> [Work to be completed] Each record should be returned exactly as it is written.

%%

lemma lambda_min_pp_rayleigh:
  fixes M :: "real^'m^'m"
  assumes sym: "\<And>x y. (M *v x) \<bullet> y = x \<bullet> (M *v y)"
    and V: "subspace V" and inv: "\<And>x. x \<in> V \<Longrightarrow> M *v x \<in> V"
    and pd: "\<And>x. x \<in> V \<Longrightarrow> x \<noteq> 0 \<Longrightarrow> x \<bullet> (M *v x) > 0"
    and x: "x \<in> V" "x \<noteq> 0"
  shows "0 < lambda_min_pp M \<and> lambda_min_pp M * (norm x)^2 \<le> x \<bullet> (M *v x)"
proof -
  obtain z where z: "z \<in> V" "norm z = 1"
    and zmin: "\<forall>w\<in>V. (z \<bullet> (M *v z)) * (norm w)^2 \<le> w \<bullet> (M *v w)"
    using rayleigh_minimizer_exists[OF V x] by blast
  define t where "t = z \<bullet> (M *v z)"
  have t: "t > 0" using pd z unfolding t_def by fastforce
  have eig: "M *v z = t *\<^sub>R z"
    unfolding t_def by (rule rayleigh_minimizer_eigenvector[OF sym V inv z zmin])
  define Pos where "Pos = {t. t > 0 \<and> (\<exists>x. x \<noteq> 0 \<and> M *v x = t *\<^sub>R x)}"
  have fin: "finite Pos" unfolding Pos_def
    by (rule finite_subset[OF _ eigenvalues_finite[OF sym]]) auto
  have "z \<noteq> 0" using z(2) by auto
  then have "t \<in> Pos" unfolding Pos_def using t eig by blast
  then have le: "lambda_min_pp M \<le> t" and "lambda_min_pp M \<in> Pos"
    using Min_le[OF fin] Min_in[OF fin] unfolding lambda_min_pp_def Pos_def by auto
  then have "lambda_min_pp M > 0" unfolding Pos_def by simp
  moreover have "lambda_min_pp M * (norm x)^2 \<le> t * (norm x)^2"
    using le by (simp add: mult_right_mono)
  ultimately show ?thesis using zmin x(1) unfolding t_def by fastforce
qed

section \<open>The matrices A D A^T + C C^T in terms of columns\<close>

lemma transpose_mult_component:
  fixes B :: "real^'l^'m"
  shows "(transpose B *v y) $ j = column j B \<bullet> y"
  by (simp add: matrix_vector_mult_def transpose_def inner_vec_def column_def mult.commute)

lemma matrix_vector_mult_in_span_columns:
  fixes A :: "real^'n^'m"
  shows "A *v c = (\<Sum>i\<in>UNIV. c $ i *\<^sub>R column i A)" "A *v c \<in> span (columns A)"
proof -
  show eq: "A *v c = (\<Sum>i\<in>UNIV. c $ i *\<^sub>R column i A)"
    by (simp add: matrix_mult_sum scalar_mult_eq_scaleR)
  show "A *v c \<in> span (columns A)"
    unfolding eq columns_def by (intro span_sum span_scale span_base) auto
qed

lemma diag_gram_apply:
  fixes A :: "real^'n^'m" and D :: "real^'n^'n"
  assumes D_diag: "\<forall>i j. i \<noteq> j \<longrightarrow> D $ i $ j = 0"
  shows "(A ** D ** transpose A) *v x = (\<Sum>k\<in>UNIV. (D$k$k * (column k A \<bullet> x)) *\<^sub>R column k A)"
proof -
  have AD: "(A ** D) $ i $ k = A $ i $ k * D $ k $ k" for i k
  proof -
    have "(A ** D) $ i $ k = (\<Sum>k'\<in>UNIV. A $ i $ k' * D $ k' $ k)"
      by (simp add: matrix_matrix_mult_def)
    also have "\<dots> = (\<Sum>k'\<in>UNIV. if k' = k then A $ i $ k * D $ k $ k else 0)"
      using D_diag by (intro sum.cong) auto
    finally show ?thesis by simp
  qed
  show ?thesis
  proof (subst vec_eq_iff, rule allI)
    fix i
    have "((A ** D ** transpose A) *v x) $ i = (\<Sum>l\<in>UNIV. \<Sum>k\<in>UNIV. A$i$k * D$k$k * A$l$k * x$l)"
      by (simp add: matrix_vector_mult_def matrix_matrix_mult_def[of "A ** D"] AD transpose_def
          sum_distrib_right)
    also have "\<dots> = (\<Sum>k\<in>UNIV. D$k$k * (\<Sum>l\<in>UNIV. A$l$k * x$l) * A$i$k)"
      by (subst sum.swap) (simp add: sum_distrib_left sum_distrib_right mult_ac)
    finally show "((A ** D ** transpose A) *v x) $ i
        = (\<Sum>k\<in>UNIV. (D$k$k * (column k A \<bullet> x)) *\<^sub>R column k A) $ i"
      by (simp add: inner_vec_def column_def)
  qed
qed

%%

> [Result]
lemma lambda_min_pp_rayleigh:
  fixes M :: "real^'m^'m"
  assumes sym: "\<And>x y. (M *v x) \<bullet> y = x \<bullet> (M *v y)"
    and V: "subspace V" and inv: "\<And>x. x \<in> V \<Longrightarrow> M *v x \<in> V"
    and pd: "\<And>x. x \<in> V \<Longrightarrow> x \<noteq> 0 \<Longrightarrow> x \<bullet> (M *v x) > 0"
    and x: "x \<in> V" "x \<noteq> 0"
  shows "0 < lambda_min_pp M \<and> lambda_min_pp M * (norm x)^2 \<le> x \<bullet> (M *v x)"
proof -
  obtain z where z: "z \<in> V" "norm z = 1"
    and zmin: "\<forall>w\<in>V. (z \<bullet> (M *v z)) * (norm w)^2 \<le> w \<bullet> (M *v w)"
    using rayleigh_minimizer_exists[OF V x] by blast
  define t where "t = z \<bullet> (M *v z)"
  have t: "t > 0" using pd z unfolding t_def by fastforce
  have eig: "M *v z = t *\<^sub>R z"
    unfolding t_def by (rule rayleigh_minimizer_eigenvector[OF sym V inv z zmin])
  define Pos where "Pos = {t. t > 0 \<and> (\<exists>x. x \<noteq> 0 \<and> M *v x = t *\<^sub>R x)}"
  have fin: "finite Pos" unfolding Pos_def
    by (rule finite_subset[OF _ eigenvalues_finite[OF sym]]) auto
  have "z \<noteq> 0" using z(2) by auto
  then have "t \<in> Pos" unfolding Pos_def using t eig by blast
  then have le: "lambda_min_pp M \<le> t" and "lambda_min_pp M \<in> Pos"
    using Min_le[OF fin] Min_in[OF fin] unfolding lambda_min_pp_def Pos_def by auto
  then have "lambda_min_pp M > 0" unfolding Pos_def by simp
  moreover have "lambda_min_pp M * (norm x)^2 \<le> t * (norm x)^2"
    using le by (simp add: mult_right_mono)
  ultimately show ?thesis using zmin x(1) unfolding t_def by fastforce
qed

section \<open>The matrices A D A^T + C C^T in terms of columns\<close>

lemma transpose_mult_component:
  fixes B :: "real^'l^'m"
  shows "(transpose B *v y) $ j = column j B \<bullet> y"
  by (simp add: matrix_vector_mult_def transpose_def inner_vec_def column_def mult.commute)

lemma matrix_vector_mult_in_span_columns:
  fixes A :: "real^'n^'m"
  shows "A *v c = (\<Sum>i\<in>UNIV. c $ i *\<^sub>R column i A)" "A *v c \<in> span (columns A)"
proof -
  show eq: "A *v c = (\<Sum>i\<in>UNIV. c $ i *\<^sub>R column i A)"
    by (simp add: matrix_mult_sum scalar_mult_eq_scaleR)
  show "A *v c \<in> span (columns A)"
    unfolding eq columns_def by (intro span_sum span_scale span_base) auto
qed

lemma diag_gram_apply:
  fixes A :: "real^'n^'m" and D :: "real^'n^'n"
  assumes D_diag: "\<forall>i j. i \<noteq> j \<longrightarrow> D $ i $ j = 0"
  shows "(A ** D ** transpose A) *v x = (\<Sum>k\<in>UNIV. (D$k$k * (column k A \<bullet> x)) *\<^sub>R column k A)"
proof -
  have AD: "(A ** D) $ i $ k = A $ i $ k * D $ k $ k" for i k
  proof -
    have "(A ** D) $ i $ k = (\<Sum>k'\<in>UNIV. A $ i $ k' * D $ k' $ k)"
      by (simp add: matrix_matrix_mult_def)
    also have "\<dots> = (\<Sum>k'\<in>UNIV. if k' = k then A $ i $ k * D $ k $ k else 0)"
      using D_diag by (intro sum.cong) auto
    finally show ?thesis by simp
  qed
  show ?thesis
  proof (subst vec_eq_iff, rule allI)
    fix i
    have "((A ** D ** transpose A) *v x) $ i = (\<Sum>l\<in>UNIV. \<Sum>k\<in>UNIV. A$i$k * D$k$k * A$l$k * x$l)"
      by (simp add: matrix_vector_mult_def matrix_matrix_mult_def[of "A ** D"] AD transpose_def
          sum_distrib_right)
    also have "\<dots> = (\<Sum>k\<in>UNIV. D$k$k * (\<Sum>l\<in>UNIV. A$l$k * x$l) * A$i$k)"
      by (subst sum.swap) (simp add: sum_distrib_left sum_distrib_right mult_ac)
    finally show "((A ** D ** transpose A) *v x) $ i
        = (\<Sum>k\<in>UNIV. (D$k$k * (column k A \<bullet> x)) *\<^sub>R column k A) $ i"
      by (simp add: inner_vec_def column_def)
  qed
qed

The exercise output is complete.